● **TASK BRIEF**:
Show every line in the records below that contains the word "assumes".
Segment Start: RECORDS TO PROCESS
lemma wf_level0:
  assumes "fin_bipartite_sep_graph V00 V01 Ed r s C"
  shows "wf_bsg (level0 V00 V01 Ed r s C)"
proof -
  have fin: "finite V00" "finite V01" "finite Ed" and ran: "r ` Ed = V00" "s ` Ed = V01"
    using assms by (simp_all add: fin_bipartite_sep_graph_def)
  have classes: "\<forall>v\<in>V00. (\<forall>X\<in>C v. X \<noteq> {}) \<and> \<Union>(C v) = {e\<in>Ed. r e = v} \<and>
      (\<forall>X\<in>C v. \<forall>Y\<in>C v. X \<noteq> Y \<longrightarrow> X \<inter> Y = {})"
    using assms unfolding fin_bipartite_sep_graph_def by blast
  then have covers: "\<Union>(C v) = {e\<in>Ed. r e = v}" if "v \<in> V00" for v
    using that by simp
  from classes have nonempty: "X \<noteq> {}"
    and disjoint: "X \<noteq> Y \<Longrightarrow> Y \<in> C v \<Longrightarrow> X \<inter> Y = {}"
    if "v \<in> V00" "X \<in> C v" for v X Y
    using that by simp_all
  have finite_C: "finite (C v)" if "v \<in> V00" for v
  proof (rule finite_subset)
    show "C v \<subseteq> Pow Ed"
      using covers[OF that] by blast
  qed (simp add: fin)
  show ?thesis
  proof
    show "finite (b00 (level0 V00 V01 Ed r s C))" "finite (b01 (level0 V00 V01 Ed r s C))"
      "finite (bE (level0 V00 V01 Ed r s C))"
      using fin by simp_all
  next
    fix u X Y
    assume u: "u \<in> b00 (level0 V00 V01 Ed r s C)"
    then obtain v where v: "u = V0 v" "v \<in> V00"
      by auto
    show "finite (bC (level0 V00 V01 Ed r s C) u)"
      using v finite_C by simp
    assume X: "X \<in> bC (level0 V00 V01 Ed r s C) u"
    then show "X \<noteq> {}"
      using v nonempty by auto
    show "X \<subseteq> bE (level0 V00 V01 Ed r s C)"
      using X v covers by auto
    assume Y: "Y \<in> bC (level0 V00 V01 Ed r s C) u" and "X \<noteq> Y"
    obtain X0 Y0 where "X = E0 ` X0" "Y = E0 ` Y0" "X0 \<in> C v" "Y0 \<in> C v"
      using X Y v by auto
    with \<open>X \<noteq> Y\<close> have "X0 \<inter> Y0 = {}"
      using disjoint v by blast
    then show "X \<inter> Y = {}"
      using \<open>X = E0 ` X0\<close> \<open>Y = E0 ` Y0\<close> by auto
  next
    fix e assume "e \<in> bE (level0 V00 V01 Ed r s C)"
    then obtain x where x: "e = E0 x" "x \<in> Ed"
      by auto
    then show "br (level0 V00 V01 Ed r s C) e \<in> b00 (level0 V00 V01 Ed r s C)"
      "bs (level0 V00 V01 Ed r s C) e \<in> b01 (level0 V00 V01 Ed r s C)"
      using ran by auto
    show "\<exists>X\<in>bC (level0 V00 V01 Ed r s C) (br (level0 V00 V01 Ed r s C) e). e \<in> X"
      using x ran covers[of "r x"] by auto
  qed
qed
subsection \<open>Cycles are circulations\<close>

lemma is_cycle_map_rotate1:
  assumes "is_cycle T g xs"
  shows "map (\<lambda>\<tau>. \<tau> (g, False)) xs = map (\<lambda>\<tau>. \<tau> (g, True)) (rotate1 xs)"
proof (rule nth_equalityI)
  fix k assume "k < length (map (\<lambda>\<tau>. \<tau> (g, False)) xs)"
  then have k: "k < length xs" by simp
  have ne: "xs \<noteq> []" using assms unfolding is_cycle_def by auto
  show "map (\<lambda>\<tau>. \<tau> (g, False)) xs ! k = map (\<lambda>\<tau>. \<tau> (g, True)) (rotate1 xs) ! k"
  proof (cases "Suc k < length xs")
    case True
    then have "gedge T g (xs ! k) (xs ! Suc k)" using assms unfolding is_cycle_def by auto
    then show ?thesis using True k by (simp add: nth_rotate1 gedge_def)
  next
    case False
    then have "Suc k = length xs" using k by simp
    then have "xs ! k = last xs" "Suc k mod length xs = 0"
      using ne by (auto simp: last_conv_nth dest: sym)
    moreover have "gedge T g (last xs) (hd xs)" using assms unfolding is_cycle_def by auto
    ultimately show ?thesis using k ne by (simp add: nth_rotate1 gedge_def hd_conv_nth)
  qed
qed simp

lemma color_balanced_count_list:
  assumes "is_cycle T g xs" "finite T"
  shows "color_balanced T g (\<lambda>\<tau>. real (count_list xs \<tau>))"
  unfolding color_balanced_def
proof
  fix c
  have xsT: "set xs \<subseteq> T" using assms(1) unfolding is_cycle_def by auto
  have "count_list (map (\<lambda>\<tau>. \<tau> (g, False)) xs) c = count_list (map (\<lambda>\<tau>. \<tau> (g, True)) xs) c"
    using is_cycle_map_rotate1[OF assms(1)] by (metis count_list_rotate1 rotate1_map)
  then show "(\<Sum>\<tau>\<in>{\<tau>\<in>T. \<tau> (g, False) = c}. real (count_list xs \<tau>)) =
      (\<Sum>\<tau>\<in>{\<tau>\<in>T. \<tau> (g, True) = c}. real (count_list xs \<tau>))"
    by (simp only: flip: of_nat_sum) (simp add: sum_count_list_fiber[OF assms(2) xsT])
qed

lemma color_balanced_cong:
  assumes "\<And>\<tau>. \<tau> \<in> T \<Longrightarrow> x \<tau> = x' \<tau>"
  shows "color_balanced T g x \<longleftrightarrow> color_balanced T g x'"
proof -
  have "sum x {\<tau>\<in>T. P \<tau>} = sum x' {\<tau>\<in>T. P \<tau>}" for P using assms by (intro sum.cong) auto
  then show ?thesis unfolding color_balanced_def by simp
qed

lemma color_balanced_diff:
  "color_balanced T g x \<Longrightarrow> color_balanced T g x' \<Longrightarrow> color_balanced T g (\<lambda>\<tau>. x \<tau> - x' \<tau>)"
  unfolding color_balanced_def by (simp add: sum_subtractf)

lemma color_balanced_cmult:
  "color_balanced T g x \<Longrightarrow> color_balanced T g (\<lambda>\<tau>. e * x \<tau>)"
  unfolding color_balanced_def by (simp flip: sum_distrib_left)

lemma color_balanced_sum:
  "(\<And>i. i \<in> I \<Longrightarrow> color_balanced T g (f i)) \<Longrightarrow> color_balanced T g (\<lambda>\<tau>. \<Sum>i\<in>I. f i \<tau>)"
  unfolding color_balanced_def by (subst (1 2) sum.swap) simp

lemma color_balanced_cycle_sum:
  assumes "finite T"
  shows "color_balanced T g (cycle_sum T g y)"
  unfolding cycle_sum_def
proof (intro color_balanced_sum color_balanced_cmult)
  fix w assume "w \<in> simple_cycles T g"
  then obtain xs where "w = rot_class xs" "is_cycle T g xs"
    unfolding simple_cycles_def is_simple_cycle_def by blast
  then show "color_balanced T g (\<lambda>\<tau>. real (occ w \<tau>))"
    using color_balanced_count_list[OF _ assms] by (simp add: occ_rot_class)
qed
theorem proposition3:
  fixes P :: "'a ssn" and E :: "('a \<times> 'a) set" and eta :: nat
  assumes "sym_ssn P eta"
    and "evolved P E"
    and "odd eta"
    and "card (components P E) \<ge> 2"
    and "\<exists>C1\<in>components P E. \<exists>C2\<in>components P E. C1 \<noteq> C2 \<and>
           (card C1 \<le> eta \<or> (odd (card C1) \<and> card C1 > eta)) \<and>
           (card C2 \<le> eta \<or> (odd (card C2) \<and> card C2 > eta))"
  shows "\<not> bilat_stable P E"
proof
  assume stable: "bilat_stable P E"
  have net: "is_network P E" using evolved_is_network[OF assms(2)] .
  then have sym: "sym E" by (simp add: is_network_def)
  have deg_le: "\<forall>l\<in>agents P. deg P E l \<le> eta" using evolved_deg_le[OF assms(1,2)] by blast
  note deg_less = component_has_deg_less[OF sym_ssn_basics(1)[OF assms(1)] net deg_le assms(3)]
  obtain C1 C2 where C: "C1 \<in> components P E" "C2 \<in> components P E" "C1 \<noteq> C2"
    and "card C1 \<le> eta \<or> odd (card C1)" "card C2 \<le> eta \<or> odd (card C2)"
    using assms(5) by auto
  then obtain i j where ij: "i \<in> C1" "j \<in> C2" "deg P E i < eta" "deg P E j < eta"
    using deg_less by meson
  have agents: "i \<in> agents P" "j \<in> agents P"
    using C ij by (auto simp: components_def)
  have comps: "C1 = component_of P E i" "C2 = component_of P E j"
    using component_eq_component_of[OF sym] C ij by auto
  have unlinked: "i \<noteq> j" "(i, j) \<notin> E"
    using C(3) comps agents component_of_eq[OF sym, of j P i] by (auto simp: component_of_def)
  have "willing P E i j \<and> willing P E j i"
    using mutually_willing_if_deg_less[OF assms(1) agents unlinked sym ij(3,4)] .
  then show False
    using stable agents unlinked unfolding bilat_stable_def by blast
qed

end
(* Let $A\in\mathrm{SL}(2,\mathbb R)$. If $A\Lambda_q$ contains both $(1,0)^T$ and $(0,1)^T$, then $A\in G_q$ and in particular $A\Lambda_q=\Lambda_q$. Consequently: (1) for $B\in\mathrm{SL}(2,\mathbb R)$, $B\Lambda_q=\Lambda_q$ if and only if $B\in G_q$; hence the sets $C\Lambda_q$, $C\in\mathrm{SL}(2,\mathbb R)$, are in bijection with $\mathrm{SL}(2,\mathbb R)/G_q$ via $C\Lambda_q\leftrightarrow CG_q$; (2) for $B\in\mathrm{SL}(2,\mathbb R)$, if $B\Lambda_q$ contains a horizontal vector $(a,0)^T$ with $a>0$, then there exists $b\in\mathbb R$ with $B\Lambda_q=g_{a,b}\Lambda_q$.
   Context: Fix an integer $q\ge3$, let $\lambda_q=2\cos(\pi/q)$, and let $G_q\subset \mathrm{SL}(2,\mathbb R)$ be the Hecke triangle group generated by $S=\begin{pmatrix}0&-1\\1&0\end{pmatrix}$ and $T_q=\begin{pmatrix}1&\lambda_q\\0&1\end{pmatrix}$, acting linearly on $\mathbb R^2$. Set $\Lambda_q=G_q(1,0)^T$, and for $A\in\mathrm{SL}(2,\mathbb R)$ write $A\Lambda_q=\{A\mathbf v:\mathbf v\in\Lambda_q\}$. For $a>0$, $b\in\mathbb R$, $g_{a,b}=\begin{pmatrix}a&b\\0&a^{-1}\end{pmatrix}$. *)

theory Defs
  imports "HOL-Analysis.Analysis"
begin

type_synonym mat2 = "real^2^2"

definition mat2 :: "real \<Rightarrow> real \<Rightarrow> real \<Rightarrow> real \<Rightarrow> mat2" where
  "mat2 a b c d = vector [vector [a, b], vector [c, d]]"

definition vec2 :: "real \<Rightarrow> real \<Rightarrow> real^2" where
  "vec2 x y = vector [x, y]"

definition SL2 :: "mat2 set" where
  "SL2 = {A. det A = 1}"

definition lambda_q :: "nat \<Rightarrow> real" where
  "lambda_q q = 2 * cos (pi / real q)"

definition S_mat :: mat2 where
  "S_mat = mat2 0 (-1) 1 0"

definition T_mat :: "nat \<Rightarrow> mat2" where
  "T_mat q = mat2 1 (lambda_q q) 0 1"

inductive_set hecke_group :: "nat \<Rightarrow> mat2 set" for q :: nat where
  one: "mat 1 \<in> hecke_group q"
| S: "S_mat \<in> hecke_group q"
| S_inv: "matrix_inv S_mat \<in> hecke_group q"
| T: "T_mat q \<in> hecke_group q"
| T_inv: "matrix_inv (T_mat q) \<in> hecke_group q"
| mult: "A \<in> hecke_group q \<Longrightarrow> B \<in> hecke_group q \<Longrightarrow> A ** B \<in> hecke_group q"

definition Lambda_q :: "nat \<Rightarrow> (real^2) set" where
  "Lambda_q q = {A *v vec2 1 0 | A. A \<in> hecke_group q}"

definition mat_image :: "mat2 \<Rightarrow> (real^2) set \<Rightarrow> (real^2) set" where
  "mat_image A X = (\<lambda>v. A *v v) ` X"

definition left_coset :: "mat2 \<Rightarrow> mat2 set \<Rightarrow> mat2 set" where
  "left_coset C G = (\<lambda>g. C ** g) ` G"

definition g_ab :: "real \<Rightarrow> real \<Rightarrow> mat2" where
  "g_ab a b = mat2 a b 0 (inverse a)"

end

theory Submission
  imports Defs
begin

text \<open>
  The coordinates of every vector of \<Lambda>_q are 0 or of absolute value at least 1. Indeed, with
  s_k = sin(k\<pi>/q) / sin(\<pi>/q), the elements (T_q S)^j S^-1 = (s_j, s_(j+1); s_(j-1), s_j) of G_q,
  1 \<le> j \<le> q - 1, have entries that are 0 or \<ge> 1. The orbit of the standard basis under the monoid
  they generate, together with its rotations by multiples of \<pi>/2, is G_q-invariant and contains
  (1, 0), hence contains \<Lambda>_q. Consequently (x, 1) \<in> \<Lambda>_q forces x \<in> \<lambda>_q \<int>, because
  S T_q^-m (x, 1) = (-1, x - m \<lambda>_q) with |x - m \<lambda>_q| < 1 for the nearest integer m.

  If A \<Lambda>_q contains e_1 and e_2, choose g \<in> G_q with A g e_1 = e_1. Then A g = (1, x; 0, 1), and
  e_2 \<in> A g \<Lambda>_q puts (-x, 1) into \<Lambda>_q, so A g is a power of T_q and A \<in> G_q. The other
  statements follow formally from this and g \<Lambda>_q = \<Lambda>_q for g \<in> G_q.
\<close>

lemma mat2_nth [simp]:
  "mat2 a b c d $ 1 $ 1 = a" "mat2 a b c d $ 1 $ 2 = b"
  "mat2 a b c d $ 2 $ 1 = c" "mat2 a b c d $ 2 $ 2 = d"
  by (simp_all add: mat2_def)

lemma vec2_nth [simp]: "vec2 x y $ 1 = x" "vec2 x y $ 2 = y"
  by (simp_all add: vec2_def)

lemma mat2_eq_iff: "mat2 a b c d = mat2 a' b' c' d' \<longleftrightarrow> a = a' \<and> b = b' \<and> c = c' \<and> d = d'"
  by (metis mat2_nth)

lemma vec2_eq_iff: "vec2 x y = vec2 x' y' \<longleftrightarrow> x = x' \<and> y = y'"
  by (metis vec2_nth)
Segment End: RECORDS TO PROCESS
● **EXERCISE RESULT**:
  assumes "fin_bipartite_sep_graph V00 V01 Ed r s C"
  assumes "is_cycle T g xs"
  assumes "is_cycle T g xs" "finite T"
  assumes "\<And>\<tau>. \<tau> \<in> T \<Longrightarrow> x \<tau> = x' \<tau>"
  assumes "finite T"
  assumes "sym_ssn P eta"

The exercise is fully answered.